Well, the good news keeps on coming. Interesting (potential) news from Eric Pfahler: the LPGA has opened up talks with a group looking to bring the tour to St. Lucie County, FL, and the Bahamas. Sounds a little less likely to happen than what Gary Baines is reporting: Hollis Stacy is trying to lure the tour back to Colorado. If it happens, I know who their first sponsor exemptions should be: Kimberly Kim and Sue Kim of the University of Denver (as of this coming fall, that is). Even if neither of these projects pan out, I'm encouraged by the fact that folks are announcing that they want an association with the LPGA.

Now do you see why I'm so optimistic about the LPGA getting a network TV deal for 2010-2015?

Tuesday, March 10, 2009

Can Anyone Hold a Lead on the LPGA?

Yuko Mitsuka has already done on the JLPGA what Michelle Wie, Paula Creamer, and Katherine Hull have proven unable to do on the LPGA thus far--hold a lead down the stretch. Or maybe it would be more accurate to say that Erina Hara and Ayako Uehara were unable to pounce like Angela Stanford, Lorena Ochoa, and Ji-Yai Shin.

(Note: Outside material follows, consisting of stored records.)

(* Let $n$ be an odd positive integer and let $\mathcal{B}$ be a balanced bipartite graph on $2n$ vertices with parts $V_1$ and $V_2$ such that $\delta(\mathcal{B})\geq\frac{n+1}{2}$. Suppose that each of $V_1$ and $V_2$ contains at most one vertex of degree exactly $\frac{n+1}{2}$, i.e. $\max\{|\{v\in V_1: d_{\mathcal{B}}(v)=\frac{n+1}{2}\}|,\ |\{u\in V_2: d_{\mathcal{B}}(u)=\frac{n+1}{2}\}|\}\leq 1$. Then $f(\mathcal{B})=n+1$.
   Context: All graphs are finite and simple. A balanced bipartite graph on $2n$ vertices is a bipartite graph with a given bipartition $(V_1,V_2)$ where $|V_1|=|V_2|=n$. $d_G(v)$ is the degree of $v$ and $\delta(G)$ the minimum degree of $G$. The forest number $f(G)$ is the maximum cardinality of a subset $S\subseteq V(G)$ such that the induced subgraph $G[S]$ is a forest. *)

theory Defs
  imports Main
begin

definition simple_graph :: "'a set \<Rightarrow> ('a \<Rightarrow> 'a \<Rightarrow> bool) \<Rightarrow> bool" where
  "simple_graph V E \<longleftrightarrow> finite V \<and> (\<forall>u v. E u v \<longrightarrow> u \<in> V \<and> v \<in> V)
     \<and> (\<forall>u v. E u v \<longrightarrow> E v u) \<and> (\<forall>v. \<not> E v v)"

definition balanced_bipartite :: "'a set \<Rightarrow> 'a set \<Rightarrow> ('a \<Rightarrow> 'a \<Rightarrow> bool) \<Rightarrow> nat \<Rightarrow> bool" where
  "balanced_bipartite V1 V2 E n \<longleftrightarrow> simple_graph (V1 \<union> V2) E \<and> V1 \<inter> V2 = {}
     \<and> card V1 = n \<and> card V2 = n
     \<and> (\<forall>u v. E u v \<longrightarrow> (u \<in> V1 \<and> v \<in> V2) \<or> (u \<in> V2 \<and> v \<in> V1))"

definition degree :: "'a set \<Rightarrow> ('a \<Rightarrow> 'a \<Rightarrow> bool) \<Rightarrow> 'a \<Rightarrow> nat" where
  "degree V E v = card {u \<in> V. E v u}"

definition min_degree :: "'a set \<Rightarrow> ('a \<Rightarrow> 'a \<Rightarrow> bool) \<Rightarrow> nat" where
  "min_degree V E = Min (degree V E ` V)"

definition is_cycle_in :: "'a set \<Rightarrow> ('a \<Rightarrow> 'a \<Rightarrow> bool) \<Rightarrow> 'a list \<Rightarrow> bool" where
  "is_cycle_in S E cs \<longleftrightarrow> length cs \<ge> 3 \<and> distinct cs \<and> set cs \<subseteq> S
     \<and> (\<forall>i. Suc i < length cs \<longrightarrow> E (cs ! i) (cs ! Suc i))
     \<and> E (last cs) (hd cs)"

definition induces_forest :: "'a set \<Rightarrow> ('a \<Rightarrow> 'a \<Rightarrow> bool) \<Rightarrow> 'a set \<Rightarrow> bool" where
  "induces_forest V E S \<longleftrightarrow> S \<subseteq> V \<and> \<not> (\<exists>cs. is_cycle_in S E cs)"

definition forest_number :: "'a set \<Rightarrow> ('a \<Rightarrow> 'a \<Rightarrow> bool) \<Rightarrow> nat" where
  "forest_number V E = Max (card ` {S. induces_forest V E S})"

end

theory Submission
  imports Defs
begin

text \<open>
  Lower bound: one side together with a single vertex of the other side induces a star plus
  isolated vertices. Upper bound: among any \<open>n + 2\<close> vertices, let \<open>A\<close> be the smaller
  side, of size \<open>s \<le> (n + 1) / 2\<close>, and \<open>B\<close> the rest. The degree hypotheses give
  \<open>\<Sum>\<^sub>A d \<ge> s (n + 3) / 2 - 1\<close>, and each vertex of \<open>A\<close> has at most \<open>s - 2\<close> neighbours
  outside \<open>B\<close>, so there are at least \<open>n + 2 + (s - 2)(n + 3 - 2 s) / 2 \<ge> n + 2\<close> edges
  inside. A graph with at least as many edges as vertices contains a cycle.
\<close>

lemma is_cycle_in_mono: "is_cycle_in S E cs \<Longrightarrow> S \<subseteq> T \<Longrightarrow> is_cycle_in T E cs"
  unfolding is_cycle_in_def by auto

lemma is_cycle_in_adj_mod:
  assumes "is_cycle_in S E cs" and "i < length cs"
  shows "E (cs ! i) (cs ! (Suc i mod length cs))"
proof (cases "Suc i < length cs")
  case True
  then show ?thesis using assms(1) unfolding is_cycle_in_def by auto
next
  case False
  then have i: "Suc i = length cs" using assms(2) by simp
  have "cs \<noteq> []" using assms(2) by auto
  then have "last cs = cs ! i" and "hd cs = cs ! 0"
    by (simp_all add: last_conv_nth hd_conv_nth flip: i)
  then show ?thesis using assms(1) i unfolding is_cycle_in_def by auto
qed

text \<open>A cycle has at least three edges, but a vertex lies on only two of them.\<close>

lemma no_cycle_if_edges_through:
  assumes through: "\<And>x y. x \<in> W \<Longrightarrow> y \<in> W \<Longrightarrow> E x y \<Longrightarrow> x = b \<or> y = b"
  shows "\<not> is_cycle_in W E cs"
proof
  assume cyc: "is_cycle_in W E cs"
  define k where "k = length cs"
  have k: "3 \<le> k" and dist: "distinct cs" and sub: "set cs \<subseteq> W"
    using cyc unfolding is_cycle_in_def k_def by auto
  have edge: "cs ! i = b \<or> cs ! (Suc i mod k) = b" if "i < k" for i
  proof -
    have "Suc i mod k < k" using k by simp
    then show ?thesis
      using through sub nth_mem that is_cycle_in_adj_mod[OF cyc] unfolding k_def by blast
  qed
  have inj: "cs ! i = cs ! j \<longleftrightarrow> i = j" if "i < k" "j < k" for i j
    using dist that nth_eq_iff_index_eq unfolding k_def by blast
  have "cs ! 1 = b"
    using edge[of 0] edge[of 1] inj[of 0 2] k by (auto simp: numeral_2_eq_2)
  moreover have "Suc 2 mod k \<noteq> 1" using k by (cases "k = 3") auto
  ultimately show False
    using edge[of 2] inj[of 1 2] inj[of 1 "Suc 2 mod k"] k by auto
qed

text \<open>The first vertex of a longest path has a second neighbour, which closes a cycle.\<close>

lemma has_cycle_if_degree_ge_2:
  assumes fin: "finite S" and sym: "\<And>u v. E u v \<Longrightarrow> E v u" and irr: "\<And>v. \<not> E v v"
    and deg: "\<And>v. v \<in> S \<Longrightarrow> 2 \<le> degree S E v" and ne: "S \<noteq> {}"
  shows "\<exists>cs. is_cycle_in S E cs"
proof -
  define path where "path xs \<longleftrightarrow> xs \<noteq> [] \<and> distinct xs \<and> set xs \<subseteq> S \<and>
     (\<forall>i. Suc i < length xs \<longrightarrow> E (xs ! i) (xs ! Suc i))" for xs
  define has_path where "has_path m \<longleftrightarrow> (\<exists>xs. path xs \<and> length xs = m)" for m
  obtain v where "v \<in> S" using ne by auto
  then have "has_path 1" unfolding has_path_def path_def by (intro exI[of _ "[v]"]) auto
  moreover have "\<forall>m. has_path m \<longrightarrow> m \<le> card S"
    unfolding has_path_def path_def using fin by (metis card_mono distinct_card)
  ultimately obtain m where "has_path m" and longest: "\<And>m'. has_path m' \<Longrightarrow> m' \<le> m"
    using Nat.ex_has_greatest_nat[of has_path 1 "card S"] by blast
  then obtain xs where xs: "path xs" "length xs = m" unfolding has_path_def by blast
  have "xs ! 0 \<in> S" using xs(1) unfolding path_def by (simp add: subset_iff)
  then have "\<not> {u \<in> S. E (xs ! 0) u} \<subseteq> {xs ! 1}"
    using deg[of "xs ! 0"] unfolding degree_def
    by (metis (no_types, lifting) card.empty card.insert card_mono empty_iff finite.intros
        not_less_eq_eq numeral_2_eq_2)
  then obtain u where u: "u \<in> S" "E (xs ! 0) u" "u \<noteq> xs ! 1" by auto
  show ?thesis
  proof (cases "u \<in> set xs")
    case False
    have "path (u # xs)"
      unfolding path_def
    proof (intro conjI allI impI)
      fix i assume i: "Suc i < length (u # xs)"
      show "E ((u # xs) ! i) ((u # xs) ! Suc i)"
        using u(2) sym xs(1) i unfolding path_def by (cases i) auto
    qed (use False u xs(1) in \<open>auto simp: path_def\<close>)
    then have "has_path (Suc m)" unfolding has_path_def using xs(2) by force
    then show ?thesis using longest by fastforce
  next
    case True
    then obtain j where j: "j < length xs" "u = xs ! j" by (metis in_set_conv_nth)
    have "j \<noteq> 0" using j u(2) irr by metis
    moreover have "j \<noteq> 1" using j u(3) by auto
    ultimately have "2 \<le> j" by linarith
    have "is_cycle_in S E (take (Suc j) xs)"
      unfolding is_cycle_in_def
    proof (intro conjI allI impI)
      have "last (take (Suc j) xs) = xs ! j" "hd (take (Suc j) xs) = xs ! 0"
        using j(1) by (subst last_conv_nth, auto, cases xs, auto)
      then show "E (last (take (Suc j) xs)) (hd (take (Suc j) xs))"
        using j(2) u(2) sym by simp
    qed (use xs(1) j \<open>2 \<le> j\<close> in \<open>auto simp: path_def dest: in_set_takeD\<close>)
    then show ?thesis by blast
  qed
qed

lemma degree_remove:
  assumes "finite S" and "v \<in> S"
  shows "degree S E w = degree (S - {v}) E w + (if E w v then 1 else 0)"
proof -
  have "{u \<in> S. E w u} = (if E w v then insert v else id) {u \<in> S - {v}. E w u}"
    using assms(2) by auto
  then show ?thesis using assms(1) unfolding degree_def by simp
qed

lemma sum_degree_remove:
  assumes fin: "finite S" and v: "v \<in> S"
    and sym: "\<And>u v. E u v \<Longrightarrow> E v u" and irr: "\<And>v. \<not> E v v"
  shows "(\<Sum>w\<in>S. degree S E w) = (\<Sum>w\<in>S - {v}. degree (S - {v}) E w) + 2 * degree S E v"
proof -
  have "(\<Sum>w\<in>S. if E w v then 1 else 0) = card {w \<in> S. E w v}"
    using fin by (simp add: sum.inter_filter[symmetric])
  also have "\<dots> = degree S E v" unfolding degree_def using sym by metis
  finally have back_edges: "(\<Sum>w\<in>S. if E w v then 1 else 0) = degree S E v" .
  have "degree (S - {v}) E v = degree S E v"
    using degree_remove[OF fin v, of E v] irr by simp
  then have "(\<Sum>w\<in>S. degree (S - {v}) E w) = (\<Sum>w\<in>S - {v}. degree (S - {v}) E w) + degree S E v"
    using fin v by (simp add: sum.remove)
  then show ?thesis
    using back_edges degree_remove[OF fin v, of E] by (simp add: sum.distrib)
qed

text \<open>Vertices of degree at most one are peeled off; they carry at most two units of the sum.\<close>

lemma has_cycle_if_degree_sum_ge:
  assumes "finite S" and sym: "\<And>u v. E u v \<Longrightarrow> E v u" and irr: "\<And>v. \<not> E v v"
    and "S \<noteq> {}" and "2 * card S \<le> (\<Sum>v\<in>S. degree S E v)"
  shows "\<exists>cs. is_cycle_in S E cs"
  using assms(1,4,5)
proof (induction "card S" arbitrary: S rule: less_induct)
  case less
  show ?case
  proof (cases "\<exists>v\<in>S. degree S E v \<le> 1")
    case False
    then show ?thesis using has_cycle_if_degree_ge_2[of S E] less.prems sym irr by force
  next
    case True
    then obtain v where v: "v \<in> S" "degree S E v \<le> 1" by auto
    have card: "card S = Suc (card (S - {v}))"
      using card_Suc_Diff1[OF less.prems(1) v(1)] by simp
    have sum: "2 * card (S - {v}) \<le> (\<Sum>w\<in>S - {v}. degree (S - {v}) E w)"
      using less.prems(3) sum_degree_remove[OF less.prems(1) v(1), of E] sym irr v(2) card
      by simp
    have "S - {v} \<noteq> {}"
    proof
      assume "S - {v} = {}"
      then have "S = {v}" using v(1) by auto
      then show False using less.prems(3) v(2) by simp
    qed
    then obtain cs where "is_cycle_in (S - {v}) E cs"
      using less.hyps[of "S - {v}"] less.prems(1) card sum by auto
    then show ?thesis using is_cycle_in_mono by blast
  qed
qed

lemma min_degree_le_degree: "finite V \<Longrightarrow> x \<in> V \<Longrightarrow> min_degree V E \<le> degree V E x"
  unfolding min_degree_def by simp

lemma sum_degree_swap:
  assumes "finite A" "finite B" and sym: "\<And>u v. E u v \<Longrightarrow> E v u"
  shows "(\<Sum>a\<in>A. degree B E a) = (\<Sum>b\<in>B. degree A E b)"
proof -
  have "(\<Sum>a\<in>A. degree B E a) = (\<Sum>a\<in>A. \<Sum>b\<in>B. if E a b then 1 else 0)"
    using assms(2) unfolding degree_def by (simp add: sum.inter_filter[symmetric])
  also have "\<dots> = (\<Sum>b\<in>B. \<Sum>a\<in>A. if E a b then 1 else 0)" by (rule sum.swap)
  also have "\<dots> = (\<Sum>b\<in>B. \<Sum>a\<in>A. if E b a then 1 else 0)"
    using sym by (intro sum.cong refl) metis
  also have "\<dots> = (\<Sum>b\<in>B. degree A E b)"
    using assms(1) unfolding degree_def by (simp add: sum.inter_filter[symmetric])
  finally show ?thesis .
qed

lemma degree_le_degree_subset:
  assumes "finite Y" and "B \<subseteq> Y"
  shows "degree Y E x \<le> degree B E x + (card Y - card B)"
proof -
  have "finite B" using assms finite_subset by blast
  have "degree Y E x \<le> card ({u \<in> B. E x u} \<union> (Y - B))"
    unfolding degree_def using assms \<open>finite B\<close> by (intro card_mono) auto
  also have "\<dots> \<le> degree B E x + card (Y - B)" unfolding degree_def by (rule card_Un_le)
  finally show ?thesis using assms \<open>finite B\<close> by (simp add: card_Diff_subset)
qed

text \<open>For odd \<open>n\<close>, every degree other than \<open>(n + 1) / 2\<close> is at least \<open>(n + 3) / 2\<close>.\<close>

lemma sum_degree_ge_odd:
  fixes d :: "'a \<Rightarrow> nat"
  assumes "finite A" and "odd n" and ge: "\<And>x. x \<in> A \<Longrightarrow> n + 1 \<le> 2 * d x"
    and few: "card {x \<in> A. 2 * d x = n + 1} \<le> 1"
  shows "card A * (n + 3) \<le> 2 * (\<Sum>x\<in>A. d x) + 2"
proof -
  define low where "low x = (if 2 * d x = n + 1 then 1 else 0 :: nat)" for x
  have "n + 3 \<le> 2 * d x + 2 * low x" if "x \<in> A" for x
    using ge[OF that] \<open>odd n\<close> unfolding low_def by presburger
  then have "(\<Sum>x\<in>A. n + 3) \<le> (\<Sum>x\<in>A. 2 * d x + 2 * low x)" by (rule sum_mono)
  also have "\<dots> = 2 * (\<Sum>x\<in>A. d x) + 2 * (\<Sum>x\<in>A. low x)"
    by (simp add: sum.distrib sum_distrib_left)
  also have "(\<Sum>x\<in>A. low x) = card {x \<in> A. 2 * d x = n + 1}"
    using \<open>finite A\<close> unfolding low_def by (simp add: sum.inter_filter[symmetric])
  finally show ?thesis using few by simp
qed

If this streak is going to continue, Bosque Real, the site of the MasterCard Classic, is just the place for it to happen. Last year, Louise Friberg shot a tournament-record 65 on Sunday, making up a 10-shot deficit to Ji Young Oh. Here's the recipe for a volatile leaderboard: take a challenging course with lots of ups and downs, add favorable scheduling (it's part of a 3-week stretch that culminates in the LPGA's 1st major, the Kraft Nabisco Championship, with a week off before it and 2 after it) and a tight money list and Player of the Year race, mix the strongest field in the event's brief history, bake for 54 holes, and voila!

Yes, I'm aware that Meaghan Francella held her second-round lead in 2007, but she needed to beat Annika Sorenstam, who was gunning for her 3rd straight win in the tournament, in a sudden-death playoff, after Sorenstam fired a closing 66, to do it. And that past fields haven't been as strong as you might have expected. But this year will be different. You'll see!

[Update 1 (3/11/09, 4:20 am): Well, that didn't take long...the LPGA has already announced the field for the MasterCard Classic. Yes, money-list leader Angela Stanford is resting her shoulder, but only Angela Park, Michelle Wie, Ai Miyazato, Karrie Webb, and Mi Hyun Kim from the rest of the top 20 are also skipping the event. The only players missing from #21 to #40 on the money list are Juli Inkster, Sophie Gustafson, Laura Diaz, Momoko Ueda, Morgan Pressel, Shanshan Feng, and Nicle Castrale. I'll be interested to see how this field ranks in Hound Dog's field strength scoring system relative to previous years, but in my book, whenever Ochoa, Creamer, Shin, and Tseng are facing off, that's a strong field!]

[Update 2 (3/12/09, 3:15 am): Daniel Wexler looks at the Shin-Ochoa "anything you can do I can do better" exchange in Southeast Asia the last 2 weeks. Meanwhile, Armchair Golfer takes a more lighthearted look at Shin's more lighthearted side.]

[Update 3 (4:08 am): Steve Elling gives Shin some props, but why diss Wie, Lewis, and Hurst along the way? Just goes to show how high expectations are for this year's rookie class. I'm interested to see how Oyama and Mika Miyazato do at Bosque Real, myself. They're probably lucky to be flying under the media radar, especially with Oyama playing as bad as she has been lately.]